Found this column interesting in the Chronicle, although for different reasons than the author does. Rob Jenkins points out that success rates in online college courses tend to be lower than those in face to face courses (he mentions but does not cite studies of 50% vs. 70-75% success rates). Doesn’t that make sense if, as he points out, online courses are often harder than their f2f equivalent? They require more reading, more writing, more self-motivation, and they build technical skills along with the skills covered in the class.

Then again, don’t understand how online courses can be more difficult in one part of this essay, and lacking in quality in another part (he refers snidely t0 the practice of teaching anatomy online. I guess he’s never seen this.)

I disagree that the answer is to screen students to determine if they have the chops to succeed online. I think what colleges should do is constantly refine and improve online course design. Adaptive learning software makes this easier than ever. They should add hybrid elements where appropriate, which don’t necessarily have to take place in a classroom. Jenkins gives a great example of this: an online speech course where students must go out and give a speech to their church, community group, or other real-world setting. Evidence, not prejudice, should determine the development of online vs. f2f courses. In truth, what we’re really talking about is online vs. hybrid courses, as it’s rare to find a course that doesn’t have an online component, whether the syllabus on a web page or the ability to connect with professors via email.

The other troubling fact in the piece is when Jenkins mentions that online courses have become a “cash cow”: “colleges can produce online courses much more cheaply while charging roughly the same tuition.”

THAT’s outrageous. Students deserve to pay something closer to the true cost of their educations. Price gouging by a publicly supported institution is unattractive and unethical.

PS: Check out this great article by the founder of Techchange (and a professor) on up to the minute tools for teaching hybrid courses.

One Response to “Online Classes As Cash Cows”

  1. Well, it’s not that simple.

    On the cost side of the equation, the more accurate way to put it is that online course costs scale better than F2F. Early investments in online courses are typically money losers, because there’s a fair bit of fixed cost plus startup cost that gets spread out over only a few classes. But as the number of enrollments ramps up, the costs don’t ramp at the same rate. You don’t have more classrooms to clean and heat, more security guards to hire, and so on.

    On the price side, what’s true is that state schools often charge out-of-state tuition for online courses. The in-state/out-of-state thing is one of those weird analog constructs that translates awkwardly into the digital world, but I certainly wouldn’t call it price gouging.

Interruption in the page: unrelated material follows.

(* Let $q$ be a prime power, $2\le n\le m$, let $C\subseteq\mathbb{F}_{q^m}^n$ be a vector rank-metric code, and let $\Gamma$ be a basis of $\mathbb{F}_{q^m}$ over $\mathbb{F}_q$ with dual basis $\Gamma^*$. Then $P(\Gamma(C^{\perp\!\!\perp}),\mathrm c)=P(\Gamma^*(C),\mathrm c)^*=P(\Gamma(C),\mathrm c)^*$ and $P(\Gamma(C^{\perp\!\!\perp}),\mathrm r)=P(\Gamma^*(C),\mathrm r)^*\sim P(\Gamma(C),\mathrm r)^*$.
   Context: A vector rank-metric code is an $\mathbb{F}_{q^m}$-linear subspace $C\subseteq\mathbb{F}_{q^m}^n$; its dual is $C^{\perp\!\!\perp}=\{v\in\mathbb{F}_{q^m}^n\mid\langle v,w\rangle=0\ \forall w\in C\}$ for the standard inner product of $\mathbb{F}_{q^m}^n$. For an $\mathbb{F}_q$-basis $\Gamma=\{\gamma_1,\dots,\gamma_m\}$ of $\mathbb{F}_{q^m}$, the dual basis $\Gamma^*=\{\gamma_1^*,\dots,\gamma_m^*\}$ is the one with $\mathrm{Tr}_{\mathbb{F}_{q^m}/\mathbb{F}_q}(\gamma_i\gamma_j^* )=\delta_{ij}$. For $v\in\mathbb{F}_{q^m}^n$, $\Gamma(v)$ is the unique $n\times m$ matrix over $\mathbb{F}_q$ with $v_i=\sum_j\Gamma(v)_{ij}\gamma_j$, and $\Gamma(C)=\{\Gamma(v)\mid v\in C\}$. For an $\mathbb{F}_q$-subspace $\mathcal{C}$ of $n\times m$ matrices and subspaces $J\subseteq\mathbb{F}_q^n$, $K\subseteq\mathbb{F}_q^m$: $\mathcal{C}(J,\mathrm c)=\{M\in\mathcal{C}\mid\mathrm{colsp}(M)\subseteq J\}$, $\mathcal{C}(K,\mathrm r)=\{M\in\mathcal{C}\mid\mathrm{rowsp}(M)\subseteq K\}$, $\rho_{\mathrm c}(\mathcal{C},J)=(\dim\mathcal{C}-\dim\mathcal{C}(J^\perp,\mathrm c))/m$, $\rho_{\mathrm r}(\mathcal{C},K)=(\dim\mathcal{C}-\dim\mathcal{C}(K^\perp,\mathrm r))/n$ ($\perp$ for the standard inner product); $P(\mathcal{C},\mathrm c)=(\mathbb{F}_q^n,\rho_{\mathrm c}(\mathcal{C},\cdot))$, $P(\mathcal{C},\mathrm r)=(\mathbb{F}_q^m,\rho_{\mathrm r}(\mathcal{C},\cdot))$. The dual of a $q$-polymatroid $P=(\mathbb{F}_q^N,\rho)$ is $P^*=(\mathbb{F}_q^N,\rho^* )$ with $\rho^*(A)=\dim(A)-\rho(\mathbb{F}_q^N)+\rho(A^\perp)$. Two pairs $(\mathbb{F}_q^N,\rho_1)$, $(\mathbb{F}_q^N,\rho_2)$ are equivalent ($\sim$) if there is an $\mathbb{F}_q$-linear isomorphism $\varphi$ of $\mathbb{F}_q^N$ with $\rho_1(A)=\rho_2(\varphi(A))$ for all subspaces $A$. *)

theory Defs
  imports Complex_Main "HOL-Library.Function_Algebras"
begin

    You can add to this the fact that many states cap the number of F2F students that a college can take, both because they can’t afford the capital expenses of expanding the physical plant and because every in-state student is subsidized by the taxpayers (though by far less than they should be). Since online learning has neither of these limitations, state schools are able to accept many more online students. Which lowers the cost per student, because of the scaling thing, which actually brings money into the college.

    Far from being price gouging, what we have here is a virtuous cycle that should be lauded and encouraged. It infuses the schools with badly needed cash while increasing access to education by adding available seats. Even out-of-state tuition can be a relatively good deal, depending on the state. It’s not an ideal solution, to be sure, but it is a net positive.

    When 80% of an article demonstrates a slanted view of a person with an axe to grind, it’s probably best not to take the remaining 20% at face value–particularly when no verifiable facts are cited.